START Dataset records

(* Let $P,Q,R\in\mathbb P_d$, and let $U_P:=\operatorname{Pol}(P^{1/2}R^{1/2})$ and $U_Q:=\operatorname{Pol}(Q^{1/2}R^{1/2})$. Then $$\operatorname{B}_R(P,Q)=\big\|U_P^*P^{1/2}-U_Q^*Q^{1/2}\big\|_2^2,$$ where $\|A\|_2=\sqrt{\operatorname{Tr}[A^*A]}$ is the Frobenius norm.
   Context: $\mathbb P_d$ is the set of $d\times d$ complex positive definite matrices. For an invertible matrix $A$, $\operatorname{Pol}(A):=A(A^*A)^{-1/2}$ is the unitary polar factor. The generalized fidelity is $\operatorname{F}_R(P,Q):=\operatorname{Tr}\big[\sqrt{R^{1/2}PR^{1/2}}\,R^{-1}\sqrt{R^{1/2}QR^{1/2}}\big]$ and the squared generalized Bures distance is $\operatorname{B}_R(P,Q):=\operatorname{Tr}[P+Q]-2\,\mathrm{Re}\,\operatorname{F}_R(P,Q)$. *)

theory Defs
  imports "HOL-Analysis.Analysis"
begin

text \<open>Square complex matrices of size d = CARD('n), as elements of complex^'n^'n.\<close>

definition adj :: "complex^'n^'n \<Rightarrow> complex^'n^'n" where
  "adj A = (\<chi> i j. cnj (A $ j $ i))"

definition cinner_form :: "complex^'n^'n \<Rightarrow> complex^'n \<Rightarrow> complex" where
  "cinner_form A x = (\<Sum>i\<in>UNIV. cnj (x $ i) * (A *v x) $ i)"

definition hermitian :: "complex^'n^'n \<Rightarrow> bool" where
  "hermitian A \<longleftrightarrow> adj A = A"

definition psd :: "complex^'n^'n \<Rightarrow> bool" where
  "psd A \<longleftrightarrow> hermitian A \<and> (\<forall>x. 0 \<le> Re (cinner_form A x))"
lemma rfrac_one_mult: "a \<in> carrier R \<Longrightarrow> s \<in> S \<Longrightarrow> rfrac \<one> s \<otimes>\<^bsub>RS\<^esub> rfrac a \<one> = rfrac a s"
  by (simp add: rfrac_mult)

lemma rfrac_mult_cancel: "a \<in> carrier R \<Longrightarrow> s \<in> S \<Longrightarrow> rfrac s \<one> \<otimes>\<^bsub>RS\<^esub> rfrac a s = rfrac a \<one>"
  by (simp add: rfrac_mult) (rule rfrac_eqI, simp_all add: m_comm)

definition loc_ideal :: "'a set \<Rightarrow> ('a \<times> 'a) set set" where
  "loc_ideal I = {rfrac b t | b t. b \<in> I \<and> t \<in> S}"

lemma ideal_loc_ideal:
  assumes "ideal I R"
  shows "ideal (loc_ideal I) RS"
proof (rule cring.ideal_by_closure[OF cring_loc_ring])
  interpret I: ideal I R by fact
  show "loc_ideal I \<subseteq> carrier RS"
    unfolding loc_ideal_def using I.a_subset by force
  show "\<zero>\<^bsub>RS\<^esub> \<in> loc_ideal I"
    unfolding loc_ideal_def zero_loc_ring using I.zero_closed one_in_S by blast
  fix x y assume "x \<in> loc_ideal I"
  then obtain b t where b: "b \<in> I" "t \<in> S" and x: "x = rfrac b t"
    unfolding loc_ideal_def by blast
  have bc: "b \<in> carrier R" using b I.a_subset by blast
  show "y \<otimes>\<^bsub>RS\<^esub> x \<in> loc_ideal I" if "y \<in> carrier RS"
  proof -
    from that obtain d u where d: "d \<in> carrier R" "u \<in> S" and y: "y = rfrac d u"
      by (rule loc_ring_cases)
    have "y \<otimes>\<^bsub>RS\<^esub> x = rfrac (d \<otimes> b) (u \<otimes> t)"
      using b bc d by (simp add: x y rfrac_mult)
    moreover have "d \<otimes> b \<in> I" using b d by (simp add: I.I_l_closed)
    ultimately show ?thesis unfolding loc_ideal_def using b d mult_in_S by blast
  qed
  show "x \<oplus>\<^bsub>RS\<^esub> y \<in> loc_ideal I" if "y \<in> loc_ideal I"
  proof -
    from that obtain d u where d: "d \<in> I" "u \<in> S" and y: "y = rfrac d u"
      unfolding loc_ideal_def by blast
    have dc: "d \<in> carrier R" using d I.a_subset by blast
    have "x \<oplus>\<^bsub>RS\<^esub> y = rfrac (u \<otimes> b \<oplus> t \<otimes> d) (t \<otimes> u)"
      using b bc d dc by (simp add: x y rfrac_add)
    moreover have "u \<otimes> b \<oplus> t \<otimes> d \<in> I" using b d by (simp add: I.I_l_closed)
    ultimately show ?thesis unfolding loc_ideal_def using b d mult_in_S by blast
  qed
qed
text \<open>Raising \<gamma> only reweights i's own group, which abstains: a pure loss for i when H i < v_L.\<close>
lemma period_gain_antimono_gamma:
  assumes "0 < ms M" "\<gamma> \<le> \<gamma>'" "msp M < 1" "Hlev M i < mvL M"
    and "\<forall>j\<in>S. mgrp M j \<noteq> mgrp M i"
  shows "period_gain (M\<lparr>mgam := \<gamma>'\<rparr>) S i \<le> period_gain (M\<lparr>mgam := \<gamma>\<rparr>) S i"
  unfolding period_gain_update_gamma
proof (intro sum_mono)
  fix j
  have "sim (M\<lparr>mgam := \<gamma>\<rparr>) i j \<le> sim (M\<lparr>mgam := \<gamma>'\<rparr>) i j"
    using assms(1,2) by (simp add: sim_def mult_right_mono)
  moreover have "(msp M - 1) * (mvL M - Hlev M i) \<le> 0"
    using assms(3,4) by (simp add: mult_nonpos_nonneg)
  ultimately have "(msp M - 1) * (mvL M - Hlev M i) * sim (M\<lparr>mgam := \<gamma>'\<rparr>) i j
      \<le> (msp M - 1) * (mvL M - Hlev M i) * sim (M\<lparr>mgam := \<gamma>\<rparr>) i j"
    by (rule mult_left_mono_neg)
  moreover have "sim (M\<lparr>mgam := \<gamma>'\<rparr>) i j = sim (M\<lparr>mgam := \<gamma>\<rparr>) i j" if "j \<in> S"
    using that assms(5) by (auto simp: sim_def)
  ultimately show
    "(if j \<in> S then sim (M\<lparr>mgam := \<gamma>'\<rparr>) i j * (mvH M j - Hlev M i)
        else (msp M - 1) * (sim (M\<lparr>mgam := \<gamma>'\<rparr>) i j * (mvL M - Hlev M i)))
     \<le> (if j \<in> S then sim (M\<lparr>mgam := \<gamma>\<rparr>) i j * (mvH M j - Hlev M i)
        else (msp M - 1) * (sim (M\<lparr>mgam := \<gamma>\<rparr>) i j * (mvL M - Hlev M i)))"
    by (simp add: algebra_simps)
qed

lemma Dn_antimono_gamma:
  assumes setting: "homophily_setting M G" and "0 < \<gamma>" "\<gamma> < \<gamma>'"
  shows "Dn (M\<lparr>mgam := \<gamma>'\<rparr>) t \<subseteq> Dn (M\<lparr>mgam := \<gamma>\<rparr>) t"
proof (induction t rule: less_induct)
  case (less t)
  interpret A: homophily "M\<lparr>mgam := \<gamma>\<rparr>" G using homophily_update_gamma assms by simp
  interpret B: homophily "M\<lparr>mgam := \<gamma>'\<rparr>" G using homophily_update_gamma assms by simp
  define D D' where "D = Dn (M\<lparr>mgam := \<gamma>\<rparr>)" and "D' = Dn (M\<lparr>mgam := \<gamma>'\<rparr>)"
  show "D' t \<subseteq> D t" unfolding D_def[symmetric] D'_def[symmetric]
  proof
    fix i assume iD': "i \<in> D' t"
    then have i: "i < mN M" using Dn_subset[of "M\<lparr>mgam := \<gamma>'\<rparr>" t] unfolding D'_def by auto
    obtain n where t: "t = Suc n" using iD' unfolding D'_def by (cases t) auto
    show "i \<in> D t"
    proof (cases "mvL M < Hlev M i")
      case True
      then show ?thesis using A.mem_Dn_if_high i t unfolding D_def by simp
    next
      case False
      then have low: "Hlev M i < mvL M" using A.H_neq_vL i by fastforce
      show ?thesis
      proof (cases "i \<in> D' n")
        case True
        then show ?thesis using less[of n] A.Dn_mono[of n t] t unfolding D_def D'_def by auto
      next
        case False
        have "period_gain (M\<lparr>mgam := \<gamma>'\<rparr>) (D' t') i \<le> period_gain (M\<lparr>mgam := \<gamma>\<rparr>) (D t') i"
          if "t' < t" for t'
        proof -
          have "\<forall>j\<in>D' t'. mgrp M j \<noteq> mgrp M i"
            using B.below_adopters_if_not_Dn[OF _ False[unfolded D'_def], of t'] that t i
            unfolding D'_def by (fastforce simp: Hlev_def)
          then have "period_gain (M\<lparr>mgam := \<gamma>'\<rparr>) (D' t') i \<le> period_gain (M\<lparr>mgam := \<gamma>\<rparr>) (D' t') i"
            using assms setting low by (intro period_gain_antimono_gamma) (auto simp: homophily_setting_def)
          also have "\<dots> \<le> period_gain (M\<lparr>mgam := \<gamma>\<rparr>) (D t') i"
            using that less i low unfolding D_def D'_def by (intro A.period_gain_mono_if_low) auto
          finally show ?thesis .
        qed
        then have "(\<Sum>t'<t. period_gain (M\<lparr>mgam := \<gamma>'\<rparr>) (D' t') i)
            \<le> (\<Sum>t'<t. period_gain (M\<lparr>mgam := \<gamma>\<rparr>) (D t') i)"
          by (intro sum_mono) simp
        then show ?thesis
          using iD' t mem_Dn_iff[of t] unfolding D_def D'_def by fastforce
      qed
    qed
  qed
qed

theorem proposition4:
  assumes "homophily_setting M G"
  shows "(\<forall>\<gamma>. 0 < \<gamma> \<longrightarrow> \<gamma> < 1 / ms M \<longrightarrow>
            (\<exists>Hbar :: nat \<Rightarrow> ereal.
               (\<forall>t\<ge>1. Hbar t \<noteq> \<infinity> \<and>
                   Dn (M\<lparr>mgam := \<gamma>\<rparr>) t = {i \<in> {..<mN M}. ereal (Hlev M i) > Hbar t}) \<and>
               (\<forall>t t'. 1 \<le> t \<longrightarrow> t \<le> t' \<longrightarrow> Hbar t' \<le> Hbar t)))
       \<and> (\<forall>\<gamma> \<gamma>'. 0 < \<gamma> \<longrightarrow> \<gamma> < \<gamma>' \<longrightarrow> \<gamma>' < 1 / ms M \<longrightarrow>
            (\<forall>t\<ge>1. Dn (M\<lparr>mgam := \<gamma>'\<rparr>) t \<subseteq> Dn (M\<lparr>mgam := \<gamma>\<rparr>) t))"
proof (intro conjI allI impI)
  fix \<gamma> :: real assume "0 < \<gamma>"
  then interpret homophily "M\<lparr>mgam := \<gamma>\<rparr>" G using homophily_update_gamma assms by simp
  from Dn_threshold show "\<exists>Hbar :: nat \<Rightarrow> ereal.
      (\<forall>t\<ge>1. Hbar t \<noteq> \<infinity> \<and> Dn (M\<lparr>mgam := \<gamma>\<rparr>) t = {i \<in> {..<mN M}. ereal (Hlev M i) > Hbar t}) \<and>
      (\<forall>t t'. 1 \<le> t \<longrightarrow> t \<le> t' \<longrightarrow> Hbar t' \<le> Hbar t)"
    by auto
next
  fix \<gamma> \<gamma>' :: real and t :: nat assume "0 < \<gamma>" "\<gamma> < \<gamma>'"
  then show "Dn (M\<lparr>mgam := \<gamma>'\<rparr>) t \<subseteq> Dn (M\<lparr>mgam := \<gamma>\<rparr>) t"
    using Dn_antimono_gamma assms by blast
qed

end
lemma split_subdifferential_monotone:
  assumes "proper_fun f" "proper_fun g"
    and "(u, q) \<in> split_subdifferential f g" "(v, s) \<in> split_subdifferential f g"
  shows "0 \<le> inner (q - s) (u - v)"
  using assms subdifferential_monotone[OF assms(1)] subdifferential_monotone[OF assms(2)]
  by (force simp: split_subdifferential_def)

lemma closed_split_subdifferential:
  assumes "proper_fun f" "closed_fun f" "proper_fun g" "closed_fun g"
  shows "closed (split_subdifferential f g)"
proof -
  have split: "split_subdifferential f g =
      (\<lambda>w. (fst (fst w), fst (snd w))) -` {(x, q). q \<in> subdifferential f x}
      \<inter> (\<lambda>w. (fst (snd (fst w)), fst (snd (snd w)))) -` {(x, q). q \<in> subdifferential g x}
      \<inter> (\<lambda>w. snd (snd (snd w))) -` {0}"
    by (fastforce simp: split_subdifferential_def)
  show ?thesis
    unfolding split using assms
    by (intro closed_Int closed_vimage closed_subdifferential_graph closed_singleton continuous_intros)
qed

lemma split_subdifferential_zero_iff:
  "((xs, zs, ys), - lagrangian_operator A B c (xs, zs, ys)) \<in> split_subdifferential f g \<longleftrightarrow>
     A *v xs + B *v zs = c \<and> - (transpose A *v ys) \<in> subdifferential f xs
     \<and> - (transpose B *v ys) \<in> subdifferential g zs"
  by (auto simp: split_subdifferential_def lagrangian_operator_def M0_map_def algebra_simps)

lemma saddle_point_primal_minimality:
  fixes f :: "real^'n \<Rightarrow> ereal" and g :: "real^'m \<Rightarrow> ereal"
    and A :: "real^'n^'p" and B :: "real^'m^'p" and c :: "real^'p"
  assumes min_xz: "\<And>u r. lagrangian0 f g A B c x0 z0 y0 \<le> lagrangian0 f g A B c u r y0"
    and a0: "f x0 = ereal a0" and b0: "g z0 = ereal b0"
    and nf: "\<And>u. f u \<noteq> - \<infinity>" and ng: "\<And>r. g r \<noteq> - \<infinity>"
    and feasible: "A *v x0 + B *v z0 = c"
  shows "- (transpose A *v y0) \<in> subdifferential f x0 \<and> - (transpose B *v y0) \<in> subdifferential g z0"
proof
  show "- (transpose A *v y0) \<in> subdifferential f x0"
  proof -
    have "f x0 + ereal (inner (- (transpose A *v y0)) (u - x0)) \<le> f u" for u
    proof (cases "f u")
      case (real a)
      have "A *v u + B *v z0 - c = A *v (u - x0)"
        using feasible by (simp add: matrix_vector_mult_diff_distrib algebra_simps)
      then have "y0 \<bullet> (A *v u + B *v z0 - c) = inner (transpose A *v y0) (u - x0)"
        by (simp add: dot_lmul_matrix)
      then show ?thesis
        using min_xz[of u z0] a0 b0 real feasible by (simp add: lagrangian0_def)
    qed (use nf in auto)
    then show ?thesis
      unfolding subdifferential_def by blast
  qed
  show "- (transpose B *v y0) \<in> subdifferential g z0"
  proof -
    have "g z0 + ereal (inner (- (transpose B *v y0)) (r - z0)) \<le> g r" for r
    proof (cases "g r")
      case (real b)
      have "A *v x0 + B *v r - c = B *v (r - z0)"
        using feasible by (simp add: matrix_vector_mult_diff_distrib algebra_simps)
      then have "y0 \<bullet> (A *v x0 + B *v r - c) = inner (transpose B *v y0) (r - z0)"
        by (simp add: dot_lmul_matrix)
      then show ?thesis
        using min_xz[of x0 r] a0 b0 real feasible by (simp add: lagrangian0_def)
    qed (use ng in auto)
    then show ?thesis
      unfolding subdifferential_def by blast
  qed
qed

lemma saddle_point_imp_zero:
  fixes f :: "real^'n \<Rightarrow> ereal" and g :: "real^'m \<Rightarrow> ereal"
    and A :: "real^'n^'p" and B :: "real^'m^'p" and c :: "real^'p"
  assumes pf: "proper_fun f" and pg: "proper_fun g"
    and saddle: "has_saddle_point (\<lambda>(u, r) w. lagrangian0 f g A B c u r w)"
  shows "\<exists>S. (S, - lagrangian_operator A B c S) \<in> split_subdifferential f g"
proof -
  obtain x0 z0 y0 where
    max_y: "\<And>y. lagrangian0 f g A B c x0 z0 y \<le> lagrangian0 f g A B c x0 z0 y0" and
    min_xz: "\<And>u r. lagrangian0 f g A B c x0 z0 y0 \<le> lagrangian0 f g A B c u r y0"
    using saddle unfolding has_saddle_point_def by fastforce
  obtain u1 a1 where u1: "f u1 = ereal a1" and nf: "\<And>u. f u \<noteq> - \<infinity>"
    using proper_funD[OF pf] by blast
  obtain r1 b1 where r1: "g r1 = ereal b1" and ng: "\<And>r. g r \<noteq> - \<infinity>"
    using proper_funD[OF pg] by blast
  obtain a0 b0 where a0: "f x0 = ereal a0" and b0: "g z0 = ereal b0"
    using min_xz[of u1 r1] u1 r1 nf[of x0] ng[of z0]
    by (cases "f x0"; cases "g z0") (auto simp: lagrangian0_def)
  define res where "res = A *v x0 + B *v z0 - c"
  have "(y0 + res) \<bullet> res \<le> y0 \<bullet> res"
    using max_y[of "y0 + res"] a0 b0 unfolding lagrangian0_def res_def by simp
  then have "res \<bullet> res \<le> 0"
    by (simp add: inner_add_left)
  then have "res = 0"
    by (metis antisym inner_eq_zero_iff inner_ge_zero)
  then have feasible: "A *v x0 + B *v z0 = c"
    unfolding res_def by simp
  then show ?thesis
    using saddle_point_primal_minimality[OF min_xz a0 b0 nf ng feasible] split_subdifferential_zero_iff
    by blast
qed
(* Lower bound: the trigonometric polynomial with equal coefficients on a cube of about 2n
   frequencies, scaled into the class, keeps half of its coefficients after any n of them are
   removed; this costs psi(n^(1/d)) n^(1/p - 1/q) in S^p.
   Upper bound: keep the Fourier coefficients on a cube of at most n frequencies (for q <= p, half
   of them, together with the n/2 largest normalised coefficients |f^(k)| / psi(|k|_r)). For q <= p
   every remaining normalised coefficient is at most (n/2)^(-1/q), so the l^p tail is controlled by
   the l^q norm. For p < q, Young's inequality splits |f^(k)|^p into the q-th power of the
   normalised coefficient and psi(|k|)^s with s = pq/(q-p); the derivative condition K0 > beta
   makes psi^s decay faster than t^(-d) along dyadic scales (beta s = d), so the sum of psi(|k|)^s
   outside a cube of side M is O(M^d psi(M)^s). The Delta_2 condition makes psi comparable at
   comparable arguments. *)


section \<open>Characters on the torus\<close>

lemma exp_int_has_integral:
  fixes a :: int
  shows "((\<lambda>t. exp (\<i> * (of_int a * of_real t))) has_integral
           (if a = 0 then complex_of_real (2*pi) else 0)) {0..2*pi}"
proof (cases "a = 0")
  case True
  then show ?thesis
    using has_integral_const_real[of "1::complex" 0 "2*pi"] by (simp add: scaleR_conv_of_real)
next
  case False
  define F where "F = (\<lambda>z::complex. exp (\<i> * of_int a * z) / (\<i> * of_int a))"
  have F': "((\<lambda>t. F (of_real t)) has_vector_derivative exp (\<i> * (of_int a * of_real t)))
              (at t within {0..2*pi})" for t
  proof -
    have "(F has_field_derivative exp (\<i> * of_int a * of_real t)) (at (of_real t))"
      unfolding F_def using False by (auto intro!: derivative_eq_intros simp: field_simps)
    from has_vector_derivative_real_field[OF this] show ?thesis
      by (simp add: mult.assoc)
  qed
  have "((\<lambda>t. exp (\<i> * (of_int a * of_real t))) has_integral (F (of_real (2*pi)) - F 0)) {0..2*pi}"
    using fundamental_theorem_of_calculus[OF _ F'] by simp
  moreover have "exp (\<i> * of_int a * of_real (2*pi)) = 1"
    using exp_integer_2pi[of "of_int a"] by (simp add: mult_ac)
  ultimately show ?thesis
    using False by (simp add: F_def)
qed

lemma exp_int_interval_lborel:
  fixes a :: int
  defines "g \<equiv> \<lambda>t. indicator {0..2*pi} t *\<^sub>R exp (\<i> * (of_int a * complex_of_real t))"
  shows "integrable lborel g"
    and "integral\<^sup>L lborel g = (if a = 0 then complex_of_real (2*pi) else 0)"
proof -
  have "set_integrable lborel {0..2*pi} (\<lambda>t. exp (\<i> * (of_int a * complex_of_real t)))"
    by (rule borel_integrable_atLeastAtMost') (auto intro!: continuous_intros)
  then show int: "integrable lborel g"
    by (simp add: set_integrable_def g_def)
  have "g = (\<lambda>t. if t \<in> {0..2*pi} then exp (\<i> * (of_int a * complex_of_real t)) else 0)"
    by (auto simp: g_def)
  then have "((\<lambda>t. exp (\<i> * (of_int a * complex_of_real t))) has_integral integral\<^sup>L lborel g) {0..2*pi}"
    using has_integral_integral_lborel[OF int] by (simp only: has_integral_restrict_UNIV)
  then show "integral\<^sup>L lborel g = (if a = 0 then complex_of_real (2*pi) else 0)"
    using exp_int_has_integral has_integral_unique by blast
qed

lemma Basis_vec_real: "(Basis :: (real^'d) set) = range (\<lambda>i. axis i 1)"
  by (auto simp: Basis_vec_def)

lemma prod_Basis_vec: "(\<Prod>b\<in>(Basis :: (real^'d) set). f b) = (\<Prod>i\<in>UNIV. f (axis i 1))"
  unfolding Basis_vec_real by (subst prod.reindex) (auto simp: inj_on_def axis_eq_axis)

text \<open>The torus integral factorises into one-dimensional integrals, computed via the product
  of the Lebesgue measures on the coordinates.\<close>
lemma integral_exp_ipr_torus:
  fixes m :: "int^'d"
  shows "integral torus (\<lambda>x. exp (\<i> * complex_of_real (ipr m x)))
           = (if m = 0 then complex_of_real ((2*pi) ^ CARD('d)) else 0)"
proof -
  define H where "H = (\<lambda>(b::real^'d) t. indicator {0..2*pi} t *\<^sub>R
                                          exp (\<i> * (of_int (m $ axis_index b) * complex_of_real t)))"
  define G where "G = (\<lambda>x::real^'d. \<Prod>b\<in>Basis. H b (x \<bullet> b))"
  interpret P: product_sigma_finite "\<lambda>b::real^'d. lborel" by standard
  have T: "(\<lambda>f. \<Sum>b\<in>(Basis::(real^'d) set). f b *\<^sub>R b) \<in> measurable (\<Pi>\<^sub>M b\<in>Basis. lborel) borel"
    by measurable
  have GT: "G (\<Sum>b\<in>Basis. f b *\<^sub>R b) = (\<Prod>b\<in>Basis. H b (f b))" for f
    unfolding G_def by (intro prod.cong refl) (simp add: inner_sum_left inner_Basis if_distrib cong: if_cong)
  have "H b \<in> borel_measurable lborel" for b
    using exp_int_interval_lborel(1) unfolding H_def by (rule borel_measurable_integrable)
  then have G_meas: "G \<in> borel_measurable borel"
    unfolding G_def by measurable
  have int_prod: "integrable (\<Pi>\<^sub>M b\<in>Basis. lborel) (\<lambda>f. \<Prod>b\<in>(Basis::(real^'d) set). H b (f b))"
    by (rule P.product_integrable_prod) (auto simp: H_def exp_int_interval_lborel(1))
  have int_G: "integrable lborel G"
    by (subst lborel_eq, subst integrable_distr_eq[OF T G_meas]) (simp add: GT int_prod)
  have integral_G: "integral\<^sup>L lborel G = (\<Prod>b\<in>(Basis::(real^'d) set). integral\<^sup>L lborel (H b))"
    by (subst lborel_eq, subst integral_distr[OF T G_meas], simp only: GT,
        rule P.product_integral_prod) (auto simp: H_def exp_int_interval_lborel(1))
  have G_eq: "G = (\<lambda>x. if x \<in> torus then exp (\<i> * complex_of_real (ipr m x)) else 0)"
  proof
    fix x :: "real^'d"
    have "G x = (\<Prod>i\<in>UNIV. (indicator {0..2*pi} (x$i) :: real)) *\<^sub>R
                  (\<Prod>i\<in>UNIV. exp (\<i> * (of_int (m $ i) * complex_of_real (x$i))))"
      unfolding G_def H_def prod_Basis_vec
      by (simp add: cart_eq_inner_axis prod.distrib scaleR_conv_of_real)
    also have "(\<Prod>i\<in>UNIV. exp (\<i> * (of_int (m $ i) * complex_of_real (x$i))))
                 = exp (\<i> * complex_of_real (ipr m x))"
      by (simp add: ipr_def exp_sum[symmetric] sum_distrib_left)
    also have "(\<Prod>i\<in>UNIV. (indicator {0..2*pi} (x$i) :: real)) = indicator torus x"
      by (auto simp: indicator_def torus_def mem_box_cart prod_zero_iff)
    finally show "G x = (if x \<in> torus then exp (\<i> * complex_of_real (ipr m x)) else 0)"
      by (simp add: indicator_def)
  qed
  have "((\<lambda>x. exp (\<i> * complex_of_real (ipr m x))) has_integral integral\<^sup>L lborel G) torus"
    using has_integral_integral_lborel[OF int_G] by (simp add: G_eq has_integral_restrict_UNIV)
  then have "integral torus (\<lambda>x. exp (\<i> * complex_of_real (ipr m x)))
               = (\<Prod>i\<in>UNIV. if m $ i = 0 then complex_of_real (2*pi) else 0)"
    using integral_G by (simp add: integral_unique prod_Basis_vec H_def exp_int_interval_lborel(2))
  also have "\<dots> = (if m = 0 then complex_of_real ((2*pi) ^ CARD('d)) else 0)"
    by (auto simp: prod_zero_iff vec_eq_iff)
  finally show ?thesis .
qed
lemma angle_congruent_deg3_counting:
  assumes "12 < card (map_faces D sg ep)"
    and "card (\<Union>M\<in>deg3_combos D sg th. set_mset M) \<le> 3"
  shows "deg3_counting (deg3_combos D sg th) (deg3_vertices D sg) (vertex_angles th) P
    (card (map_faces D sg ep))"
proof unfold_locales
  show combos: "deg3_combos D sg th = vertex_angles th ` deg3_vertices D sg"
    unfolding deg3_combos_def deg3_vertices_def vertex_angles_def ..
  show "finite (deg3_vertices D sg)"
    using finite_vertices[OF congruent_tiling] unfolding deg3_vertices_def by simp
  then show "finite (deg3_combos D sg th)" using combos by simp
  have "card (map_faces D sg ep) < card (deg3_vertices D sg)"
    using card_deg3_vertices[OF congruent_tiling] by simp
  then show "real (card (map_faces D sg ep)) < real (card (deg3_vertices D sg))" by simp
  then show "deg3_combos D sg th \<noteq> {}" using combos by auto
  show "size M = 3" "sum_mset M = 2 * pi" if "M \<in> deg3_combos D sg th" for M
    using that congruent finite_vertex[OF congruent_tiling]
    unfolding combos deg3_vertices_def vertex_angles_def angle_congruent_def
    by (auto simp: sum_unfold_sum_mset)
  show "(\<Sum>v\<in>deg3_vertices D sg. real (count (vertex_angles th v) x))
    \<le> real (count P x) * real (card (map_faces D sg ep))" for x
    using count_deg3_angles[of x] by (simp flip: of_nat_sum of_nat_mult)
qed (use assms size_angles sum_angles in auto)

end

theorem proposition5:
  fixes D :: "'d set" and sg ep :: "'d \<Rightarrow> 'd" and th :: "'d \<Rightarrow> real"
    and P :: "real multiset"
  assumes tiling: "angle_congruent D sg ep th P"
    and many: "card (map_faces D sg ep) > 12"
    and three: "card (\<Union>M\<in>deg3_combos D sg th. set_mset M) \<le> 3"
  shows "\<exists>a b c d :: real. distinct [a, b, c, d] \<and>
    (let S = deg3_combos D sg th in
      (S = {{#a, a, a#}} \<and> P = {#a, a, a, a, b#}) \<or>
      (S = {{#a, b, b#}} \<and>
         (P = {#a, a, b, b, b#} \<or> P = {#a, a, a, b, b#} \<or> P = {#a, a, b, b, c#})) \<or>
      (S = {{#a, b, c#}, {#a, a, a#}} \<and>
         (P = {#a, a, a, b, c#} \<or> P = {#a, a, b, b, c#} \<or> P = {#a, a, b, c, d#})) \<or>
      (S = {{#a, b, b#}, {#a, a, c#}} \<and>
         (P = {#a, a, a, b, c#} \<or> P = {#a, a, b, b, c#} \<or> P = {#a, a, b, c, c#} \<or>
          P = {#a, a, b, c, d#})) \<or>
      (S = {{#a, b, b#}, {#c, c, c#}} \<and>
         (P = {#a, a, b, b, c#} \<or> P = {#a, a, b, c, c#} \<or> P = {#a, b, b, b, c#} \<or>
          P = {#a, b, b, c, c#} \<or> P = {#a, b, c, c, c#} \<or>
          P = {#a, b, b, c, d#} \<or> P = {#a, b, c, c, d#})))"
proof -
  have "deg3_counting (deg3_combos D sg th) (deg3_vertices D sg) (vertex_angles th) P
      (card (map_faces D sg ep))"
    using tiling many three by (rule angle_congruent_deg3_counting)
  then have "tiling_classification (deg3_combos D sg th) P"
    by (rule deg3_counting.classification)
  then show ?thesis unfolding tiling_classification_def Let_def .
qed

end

END Dataset records

## What the task asks:
Go through the entries above and pull out each line with "from" in it.

## Response area:
    from that obtain d u where d: "d \<in> carrier R" "u \<in> S" and y: "y = rfrac d u"
    from that obtain d u where d: "d \<in> I" "u \<in> S" and y: "y = rfrac d u"
  from Dn_threshold show "\<exists>Hbar :: nat \<Rightarrow> ereal.
    from has_vector_derivative_real_field[OF this] show ?thesis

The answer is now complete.